ICAI has also suggested raising the annual limit for the contribution to Public Provident Fund (PPF) from the current Rs 1.5 lakh to Rs 3 lakh in Budget 2023.

Mentioning the rationale behind the demand for higher the maximum contribution limit under PPF, ICAI said, “PPF is used as a means of savings by entrepreneurs and professionals. While the assessees in employment have the compulsion of saving 12 per cent of their salary (with matching contribution from employers), the only safe and tax efficient saving option available for self.”

“Further, the present limit of Rs 1,50,000 has not been increased for several years and requires reconsideration. The revised monetary limit will help in increasing the savings of individuals and is necessary keeping in view the rate of inflation,” it added.
Full deduction for health insurance premium under section 80D, not as a medical expense
Further, it has suggested that the “full deduction for health insurance premium paid under Section 80D may be allowed and not to tag it with a deduction for medical expense. Apart from the deduction for health insurance premium, a separate deduction for medical expenses incurred should be made available.”

“The justification for such separate deduction is lack of social security cover and the inability of the public health sector to cater to the needs of the taxpayers by providing efficient hygienic and timely medical treatment,” it added.

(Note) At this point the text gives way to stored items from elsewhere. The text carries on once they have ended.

(* Let $p\ge 1/2$ be fixed and let $\epsilon>0$ be an arbitrarily small constant. In the Majority Model (MM) on the cycle $C_n$ started from a $p$-random initial coloring, with probability $1-o(1)$ as $n\to\infty$ the process reaches, within $\mathcal{O}(\log n)$ rounds, a stable coloring whose number of blue nodes is between $(1-\epsilon)\frac{2p^2-p^3}{1-p+p^2}n$ and $(1+\epsilon)\frac{2p^2-p^3}{1-p+p^2}n$.
   Context: A coloring is a map from the nodes to $\{b,w\}$. In MM, all nodes update simultaneously: a node adopts the color strictly more frequent among its neighbors in the previous round and keeps its color in case of a tie. A coloring is stable if one application of the update rule returns it unchanged. A $p$-random coloring colors each node blue independently with probability $p$ and white otherwise. *)

theory Defs
  imports "HOL-Probability.Probability"
begin

text \<open>Colorings of the cycle C_n with nodes 0..n-1: True = blue (b), False = white (w).
  Values outside {0..<n} are irrelevant and left unchanged by the dynamics.\<close>

definition cycle_nbrs :: "nat \<Rightarrow> nat \<Rightarrow> nat set" where
  "cycle_nbrs n i = {(i + 1) mod n, (i + n - 1) mod n}"

definition mm_step :: "nat \<Rightarrow> (nat \<Rightarrow> bool) \<Rightarrow> (nat \<Rightarrow> bool)" where
  "mm_step n c i =
     (if i < n then
        (let nb = card {j \<in> cycle_nbrs n i. c j};
             nw = card {j \<in> cycle_nbrs n i. \<not> c j}
         in if nb > nw then True else if nw > nb then False else c i)
      else c i)"

definition mm_stable :: "nat \<Rightarrow> (nat \<Rightarrow> bool) \<Rightarrow> bool" where
  "mm_stable n c \<longleftrightarrow> (\<forall>i<n. mm_step n c i = c i)"

definition num_blue :: "nat \<Rightarrow> (nat \<Rightarrow> bool) \<Rightarrow> nat" where
  "num_blue n c = card {i. i < n \<and> c i}"

definition random_coloring :: "real \<Rightarrow> nat \<Rightarrow> (nat \<Rightarrow> bool) pmf" where
  "random_coloring p n = Pi_pmf {..<n} False (\<lambda>_. bernoulli_pmf p)"

end

theory Submission
  imports Defs "HOL-Real_Asymp.Real_Asymp"
begin

(*
  Lift the cycle to the integers. A node with two neighbours changes colour exactly when both
  neighbours disagree with it, and by induction a node z changes colour in round t+1 iff the
  initial coloring alternates on the window [z-t-1, z+t+1]; it then takes the colour of the two
  ends of that window. Hence after T rounds the coloring is stable unless some window of radius
  T+1 alternates, which happens at a given node with probability (p(1-p))^(T+1) <= 4^-(T+1),
  negligible for T ~ 2 ln n. The same description shows that a node is blue after t rounds with
  probability p + (2p-1) * sum_{k=1..t} (p(1-p))^k, which tends to (2p^2-p^3)/(1-p+p^2), and that
  this event only depends on the 2t+1 nodes around the node. So the number of blue nodes has
  variance O(n t), and Chebyshev's inequality gives concentration.
*)

section \<open>Majority dynamics on the integer line\<close>

definition mm_step_int :: "(int \<Rightarrow> bool) \<Rightarrow> int \<Rightarrow> bool" where
  "mm_step_int x z = (if x (z - 1) = x (z + 1) then x (z + 1) else x z)"

definition alternating :: "(int \<Rightarrow> bool) \<Rightarrow> int \<Rightarrow> nat \<Rightarrow> bool" where
  "alternating x z l \<longleftrightarrow> (\<forall>w. z - int l \<le> w \<and> w < z + int l \<longrightarrow> x (w + 1) \<noteq> x w)"

lemma alternating_0 [simp]: "alternating x z 0"
  by (auto simp: alternating_def)

lemma alternating_mono: "alternating x z l \<Longrightarrow> k \<le> l \<Longrightarrow> alternating x z k"
  by (auto simp: alternating_def)

lemma alternating_Suc:
  "alternating x z (Suc l) \<longleftrightarrow>
     alternating x z l \<and> x (z - int l) \<noteq> x (z - int l - 1) \<and> x (z + int l + 1) \<noteq> x (z + int l)"
proof -
  have window: "z - int (Suc l) \<le> w \<and> w < z + int (Suc l) \<longleftrightarrow>
      (z - int l \<le> w \<and> w < z + int l) \<or> w = z - int l - 1 \<or> w = z + int l" for w
    by auto
  show ?thesis
    unfolding alternating_def window by (auto simp del: of_nat_Suc)
qed

lemma alternating_edge:
  "alternating x z l \<Longrightarrow> z - int l \<le> w \<Longrightarrow> w < z + int l \<Longrightarrow> x (w + 1) \<noteq> x w"
  by (simp add: alternating_def)

lemma alternating_1: "alternating x z 1 \<longleftrightarrow> x (z - 1) \<noteq> x z \<and> x (z + 1) \<noteq> x z"
  using alternating_Suc[of x z 0] by auto

lemma mm_step_int_neq_iff: "mm_step_int x z \<noteq> x z \<longleftrightarrow> alternating x z 1"
  unfolding mm_step_int_def alternating_1 by auto

lemma alternating_Suc_flips:
  assumes "alternating x z (Suc l)" and "\<bar>w - z\<bar> \<le> int l"
  shows "mm_step_int x w = (\<not> x w)"
proof -
  have "x (w + 1) \<noteq> x w"
    by (rule alternating_edge[OF assms(1)]) (use assms(2) in auto)
  moreover have "x (w - 1 + 1) \<noteq> x (w - 1)"
    by (rule alternating_edge[OF assms(1)]) (use assms(2) in auto)
  ultimately show ?thesis
    by (auto simp: mm_step_int_def)
qed

lemma not_alternating_mm_step_int:
  assumes "\<not> alternating x z 1"
  shows "\<not> alternating (mm_step_int x) z 1"
proof -
  from assms have "x (z - 1) = x z \<or> x (z + 1) = x z"
    unfolding alternating_1 by blast
  then show ?thesis
    unfolding alternating_1 mm_step_int_def by auto
qed

lemma alternating_mm_step_int_iff:
  assumes "alternating x z 1"
  shows "alternating (mm_step_int x) z l \<longleftrightarrow> alternating x z (Suc l)"
proof
  assume alt: "alternating x z (Suc l)"
  show "alternating (mm_step_int x) z l"
    unfolding alternating_def
  proof (intro allI impI)
    fix w
    assume w: "z - int l \<le> w \<and> w < z + int l"
    have "mm_step_int x w = (\<not> x w)" "mm_step_int x (w + 1) = (\<not> x (w + 1))"
      by (rule alternating_Suc_flips[OF alt]; use w in auto)+
    moreover have "x (w + 1) \<noteq> x w"
      by (rule alternating_edge[OF alt]) (use w in auto)
    ultimately show "mm_step_int x (w + 1) \<noteq> mm_step_int x w"
      by simp
  qed
next
  show "alternating (mm_step_int x) z l \<Longrightarrow> alternating x z (Suc l)"
  proof (induction l)
    case 0
    then show ?case using assms by simp
  next
    case (Suc l)
    then have alt: "alternating x z (Suc l)"
      using alternating_mono le_SucI by blast
    \<comment> \<open>The nodes at distance \<open>l + 1\<close> from \<open>z\<close> flip, so their outer neighbours disagree with them.\<close>
    have "mm_step_int x (z - int l - 1) \<noteq> x (z - int l - 1)"
      using alternating_Suc_flips[OF alt, of "z - int l"] Suc.prems alt
      by (simp add: alternating_Suc)
    moreover have "mm_step_int x (z + int l + 1) \<noteq> x (z + int l + 1)"
      using alternating_Suc_flips[OF alt, of "z + int l"] Suc.prems alt
      by (simp add: alternating_Suc)
    ultimately show ?case
      using alt unfolding mm_step_int_neq_iff alternating_Suc[of x z "Suc l"] alternating_1
      by (simp add: algebra_simps)
  qed
qed

lemma alternating_iterate_1_iff:
  "alternating ((mm_step_int ^^ t) x) z 1 \<longleftrightarrow> alternating x z (Suc t)"
proof (induction t arbitrary: x)
  case 0
  then show ?case by simp
next
  case (Suc t)
  have "alternating ((mm_step_int ^^ Suc t) x) z 1 \<longleftrightarrow> alternating (mm_step_int x) z (Suc t)"
    using Suc.IH by (simp only: funpow_Suc_right o_apply)
  also have "\<dots> \<longleftrightarrow> alternating x z (Suc (Suc t))"
  proof (cases "alternating x z 1")
    case True
    then show ?thesis by (rule alternating_mm_step_int_iff)
  next
    case False
    then show ?thesis
      using not_alternating_mm_step_int alternating_mono[of _ z _ 1] by auto
  qed
  finally show ?case .
qed

lemma mm_step_int_iterate_before_flip:
  "alternating x z (Suc t) \<Longrightarrow> (mm_step_int ^^ t) x z = (\<not> x (z + int (Suc t)))"
proof (induction t)
  case 0
  then show ?case by (simp add: alternating_Suc)
next
  case (Suc t)
  have "alternating x z (Suc t)"
    using Suc.prems alternating_mono le_SucI by blast
  then have "(mm_step_int ^^ t) x z = (\<not> x (z + int (Suc t)))"
    and "mm_step_int ((mm_step_int ^^ t) x) z \<noteq> (mm_step_int ^^ t) x z"
    using Suc.IH alternating_iterate_1_iff mm_step_int_neq_iff by blast+
  then show ?case
    using Suc.prems by (auto simp: alternating_Suc[of x z "Suc t"] algebra_simps)
qed

lemma mm_step_int_iterate_Suc:
  "(mm_step_int ^^ Suc t) x z =
     (if alternating x z (Suc t) then x (z + int (Suc t)) else (mm_step_int ^^ t) x z)"
  using mm_step_int_iterate_before_flip[of x z t]
    mm_step_int_neq_iff[of "(mm_step_int ^^ t) x" z] alternating_iterate_1_iff[of t x z]
  by auto

lemma mm_step_int_iterate_local:
  "(\<forall>w. \<bar>w - z\<bar> \<le> int t \<longrightarrow> x w = y w) \<Longrightarrow> (mm_step_int ^^ t) x z = (mm_step_int ^^ t) y z"
proof (induction t arbitrary: z)
  case 0
  then show ?case by simp
next
  case (Suc t)
  have "(mm_step_int ^^ t) x (z + d) = (mm_step_int ^^ t) y (z + d)" if "\<bar>d\<bar> \<le> 1" for d
    by (rule Suc.IH) (use Suc.prems that in auto)
  from this[of "-1"] this[of 0] this[of 1]
  have "mm_step_int ((mm_step_int ^^ t) x) z = mm_step_int ((mm_step_int ^^ t) y) z"
    unfolding mm_step_int_def[of "(mm_step_int ^^ t) x"] mm_step_int_def[of "(mm_step_int ^^ t) y"]
    by simp
  then show ?case
    by simp
qed

lemma alternating_parity:
  assumes "alternating x z l" and "k \<le> 2 * l"
  shows "x (z - int l + int k) = (x (z - int l) \<noteq> odd k)"
  using assms(2)
proof (induction k)
  case 0
  then show ?case by simp
next
  case (Suc k)
  have "x (z - int l + int k + 1) \<noteq> x (z - int l + int k)"
    by (rule alternating_edge[OF assms(1)]) (use Suc.prems in simp_all)
  then show ?case
    using Suc by (simp add: ac_simps)
qed

lemma alternating_with_end_iff:
  "alternating x z l \<and> x (z + int l) = e \<longleftrightarrow> (\<forall>k\<le>2*l. x (z - int l + int k) = (e \<noteq> odd k))"
proof
  assume alt_end: "alternating x z l \<and> x (z + int l) = e"
  have "x (z - int l + int (2 * l)) = x (z - int l)"
    using alternating_parity[of x z l "2 * l"] alt_end by simp
  moreover have "z - int l + int (2 * l) = z + int l"
    by simp
  ultimately have "x (z + int l) = x (z - int l)"
    by metis
  then show "\<forall>k\<le>2*l. x (z - int l + int k) = (e \<noteq> odd k)"
    using alternating_parity[of x z l] alt_end by auto
next
  assume pattern: "\<forall>k\<le>2*l. x (z - int l + int k) = (e \<noteq> odd k)"
  have "x (w + 1) \<noteq> x w" if "z - int l \<le> w" "w < z + int l" for w
  proof -
    define k where "k = nat (w - (z - int l))"
    have "w = z - int l + int k" "k < 2 * l"
      using that unfolding k_def by linarith+
    then show ?thesis
      using pattern[rule_format, of k] pattern[rule_format, of "Suc k"] by (simp add: ac_simps)
  qed
  moreover have "x (z + int l) = e"
    using pattern[rule_format, of "2 * l"] by (simp add: ac_simps)
  ultimately show "alternating x z l \<and> x (z + int l) = e"
    unfolding alternating_def by blast
qed

section \<open>From the cycle to the integer line\<close>

definition cycle_node :: "nat \<Rightarrow> int \<Rightarrow> nat" where
  "cycle_node n z = nat (z mod int n)"

definition cycle_lift :: "nat \<Rightarrow> (nat \<Rightarrow> bool) \<Rightarrow> int \<Rightarrow> bool" where
  "cycle_lift n c z = c (cycle_node n z)"

lemma cycle_node_less: "0 < n \<Longrightarrow> cycle_node n z < n"
  unfolding cycle_node_def by (simp add: nat_less_iff)

lemma cycle_node_of_nat [simp]: "i < n \<Longrightarrow> cycle_node n (int i) = i"
  unfolding cycle_node_def by (simp add: of_nat_mod[symmetric] del: of_nat_mod)

lemma of_nat_cycle_node: "0 < n \<Longrightarrow> int (cycle_node n z) = z mod int n"
  unfolding cycle_node_def by simp

lemma cycle_node_eq_iff: "0 < n \<Longrightarrow> cycle_node n a = cycle_node n b \<longleftrightarrow> a mod int n = b mod int n"
  unfolding cycle_node_def by (simp add: eq_nat_nat_iff)

lemma inj_on_cycle_node:
  assumes "b - a < int n"
  shows "inj_on (cycle_node n) {a..b}"
proof (rule inj_onI)
  fix v w
  assume v: "v \<in> {a..b}" and w: "w \<in> {a..b}" and eq: "cycle_node n v = cycle_node n w"
  then have "0 < n"
    using assms by auto
  with eq have "int n dvd v - w"
    by (simp add: cycle_node_eq_iff mod_eq_dvd_iff)
  moreover have "\<bar>v - w\<bar> < int n"
    using v w assms by auto
  ultimately show "v = w"
    using dvd_imp_le_int[of "v - w" "int n"] by fastforce
qed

ICAI has asked the finance ministry to increase the limit for deduction under section 80DDB for expenses incurred on the treatment of certain chronic diseases.

Changes in section 80CCC

“As per Section 80CCC, if any contribution is made by the assessee to a pension fund and deduction is claimed under that section, all withdrawals from the scheme by the assessee (including the principal amount) are subjected to tax. This is causing hardship in respect of those assessees who have simply made contributions to this scheme and have not claimed any deductions. Hence, the suggestion is to amend this section to the effect that in cases where the deduction is not claimed under this section, only the appreciation component of the investment will be subjected to tax. Even if a deduction is claimed, only the amount of deduction claimed should be added to the income at the time of withdrawal from the scheme and not the entire maturity proceeds. Of course, any appreciation over the principal invested can also be taxed as capital gain,” ICAI suggested.

Deduction for travel insurance, home insurance, personal accident covers

ICAI also asked for a separate deduction for payments relating to travel insurance, home insurance, or personal accident insurance policy. At present, a deduction under Section 80C is available for LIC and a deduction under section 80D is available for health insurance premiums. “Deduction for insurance premium relating to travel, home, etc. will boost the policyholders to secure their assets like car, home, etc. and also to avail personal accident cover,” ICAI added.